Then the wild gleam faded from his eyes, and in a quavering voice—a mere ghost of his old pompous manner—he exclaimed:

“To the Guards’ Club, Waterloo Place! Do it in twenty minutes, driver, and the half sovereign is yours. Go by way of Piccadilly; it’s the near cut.”

A moment later he added: “I’ll be late. What beastly luck!”

Then a swift change passed over his face.

“Ha! ha! There’s the light again,” he cried exultantly. “Look, Carrington, look——” His lips trembled over the unfinished sentence, and without another word he dropped back on the logs and lay there perfectly motionless.

This was the last thing that Guy remembered.

The torch still burned beside him, and the raft plunged on its dizzy course, but his mind was wandering far away, and the past was being lived over again.
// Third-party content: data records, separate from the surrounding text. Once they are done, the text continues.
lemma sq_le_integral_sq_add_sq_deriv:
  fixes f f' :: "real \<Rightarrow> real"
  assumes f': "\<And>x. x \<in> {0..1} \<Longrightarrow> (f has_real_derivative f' x) (at x within {0..1})"
    and cont_f': "continuous_on {0..1} f'" and "f 0 = 0" and x: "x \<in> {0..1}"
  shows "(f x)\<^sup>2 \<le> integral {0..1} (\<lambda>y. (f y)\<^sup>2 + (f' y)\<^sup>2)"
proof -
  have cont_f: "continuous_on {0..1} f"
    using f' by (rule DERIV_continuous_on)
  have int: "(\<lambda>y. (f y)\<^sup>2 + (f' y)\<^sup>2) integrable_on {0..s}" "(\<lambda>y. 2 * f y * f' y) integrable_on {0..s}"
    if "s \<le> 1" for s
    using continuous_on_subset[OF cont_f, of "{0..s}"] continuous_on_subset[OF cont_f', of "{0..s}"] that
    by (auto intro!: integrable_continuous_real continuous_intros)
  have "((\<lambda>y. 2 * f y * f' y) has_integral ((f x)\<^sup>2 - (f 0)\<^sup>2)) {0..x}"
  proof (rule fundamental_theorem_of_calculus)
    fix y assume y: "y \<in> {0..x}"
    have "((\<lambda>x. (f x)\<^sup>2) has_real_derivative 2 * f y * f' y) (at y within {0..1})"
      using DERIV_mult[OF f'[of y] f'[of y]] y x by (simp add: power2_eq_square algebra_simps)
    then have "((\<lambda>x. (f x)\<^sup>2) has_real_derivative 2 * f y * f' y) (at y within {0..x})"
      by (rule DERIV_subset) (use x in auto)
    then show "((\<lambda>y. (f y)\<^sup>2) has_vector_derivative 2 * f y * f' y) (at y within {0..x})"
      by (simp add: has_real_derivative_iff_has_vector_derivative)
  qed (use x in auto)
  then have "(f x)\<^sup>2 = integral {0..x} (\<lambda>y. 2 * f y * f' y)"
    using assms by (simp add: integral_unique)
  also have "\<dots> \<le> integral {0..x} (\<lambda>y. (f y)\<^sup>2 + (f' y)\<^sup>2)"
    using int x sum_squares_bound by (intro integral_le) auto
  also have "\<dots> \<le> integral {0..1} (\<lambda>y. (f y)\<^sup>2 + (f' y)\<^sup>2)"
    using int x by (intro integral_subset_le) auto
  finally show ?thesis .
qed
He was riding through London streets, dining with his old friends at the club, pulling a skiff over the placid current of the Thames, shooting quail on his brother’s estate, dancing at a ball at Government House, Calcutta, marching through Indian jungles at the head of his men, plotting the capture of the Rajah, Nana Sahib, in far-away Burma—thus the merciful past stole his mind away from the horrors of the present, and he alternately smiled or shuddered as he recalled some pleasant association or stern reminiscence of peril.

So the hours passed on. The torch faded and dimmed, burned to a charred ember, and then went out.

The water hissed and boiled, crashing on rocks and shoals, beating its fury against the barren shores, and rushing down the narrow channel at an angle that was frightful and appalling.